### Prompt
An exact reprint of all the records is the expected answer.

Segment Start: Dataset extract

lemma table_bijections_insert:
  assumes "finite A" "a \<notin> A" "l a \<in> I" "m ` B \<subseteq> J"
  shows "table_bijections (insert a A) B l m I J t =
    (\<Union>b\<in>{b\<in>B. 0 < t (l a, m b)}. (\<lambda>g. g(a := b)) `
       table_bijections A (B - {b}) l m I J (t((l a, m b) := t (l a, m b) - 1)))"
proof (intro set_eqI iffI)
  fix f assume f: "f \<in> table_bijections (insert a A) B l m I J t"
  then have "f a \<in> B"
    by (auto simp: table_bijections_def bij_betw_def)
  moreover have f_eq: "f = (f(a := a))(a := f a)"
    by simp
  ultimately have "0 < t (l a, m (f a)) \<and>
      f(a := a) \<in> table_bijections A (B - {f a}) l m I J (t((l a, m (f a)) := t (l a, m (f a)) - 1))"
    using f fun_upd_mem_table_bijections_iff[of A a "f(a := a)" "f a" B l I m J t] assms by auto
  with \<open>f a \<in> B\<close> f_eq show "f \<in> (\<Union>b\<in>{b\<in>B. 0 < t (l a, m b)}. (\<lambda>g. g(a := b)) `
      table_bijections A (B - {b}) l m I J (t((l a, m b) := t (l a, m b) - 1)))"
    by blast
next
  fix f assume "f \<in> (\<Union>b\<in>{b\<in>B. 0 < t (l a, m b)}. (\<lambda>g. g(a := b)) `
      table_bijections A (B - {b}) l m I J (t((l a, m b) := t (l a, m b) - 1)))"
  then obtain b g where "b \<in> B" "0 < t (l a, m b)" "f = g(a := b)"
    and g: "g \<in> table_bijections A (B - {b}) l m I J (t((l a, m b) := t (l a, m b) - 1))"
    by blast
  moreover have "g a = a"
    using g assms(2) by (simp add: table_bijections_def)
  ultimately show "f \<in> table_bijections (insert a A) B l m I J t"
    using fun_upd_mem_table_bijections_iff[of A a g b B l I m J t] assms by auto
qed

Segment End: Dataset extract

### Solution to the problem
lemma table_bijections_insert:
  assumes "finite A" "a \<notin> A" "l a \<in> I" "m ` B \<subseteq> J"
  shows "table_bijections (insert a A) B l m I J t =
    (\<Union>b\<in>{b\<in>B. 0 < t (l a, m b)}. (\<lambda>g. g(a := b)) `
       table_bijections A (B - {b}) l m I J (t((l a, m b) := t (l a, m b) - 1)))"
proof (intro set_eqI iffI)
  fix f assume f: "f \<in> table_bijections (insert a A) B l m I J t"
  then have "f a \<in> B"
    by (auto simp: table_bijections_def bij_betw_def)
  moreover have f_eq: "f = (f(a := a))(a := f a)"
    by simp
  ultimately have "0 < t (l a, m (f a)) \<and>
      f(a := a) \<in> table_bijections A (B - {f a}) l m I J (t((l a, m (f a)) := t (l a, m (f a)) - 1))"
    using f fun_upd_mem_table_bijections_iff[of A a "f(a := a)" "f a" B l I m J t] assms by auto
  with \<open>f a \<in> B\<close> f_eq show "f \<in> (\<Union>b\<in>{b\<in>B. 0 < t (l a, m b)}. (\<lambda>g. g(a := b)) `
      table_bijections A (B - {b}) l m I J (t((l a, m b) := t (l a, m b) - 1)))"
    by blast
next
  fix f assume "f \<in> (\<Union>b\<in>{b\<in>B. 0 < t (l a, m b)}. (\<lambda>g. g(a := b)) `
      table_bijections A (B - {b}) l m I J (t((l a, m b) := t (l a, m b) - 1)))"
  then obtain b g where "b \<in> B" "0 < t (l a, m b)" "f = g(a := b)"
    and g: "g \<in> table_bijections A (B - {b}) l m I J (t((l a, m b) := t (l a, m b) - 1))"
    by blast
  moreover have "g a = a"
    using g assms(2) by (simp add: table_bijections_def)
  ultimately show "f \<in> table_bijections (insert a A) B l m I J t"
    using fun_upd_mem_table_bijections_iff[of A a g b B l I m J t] assms by auto
qed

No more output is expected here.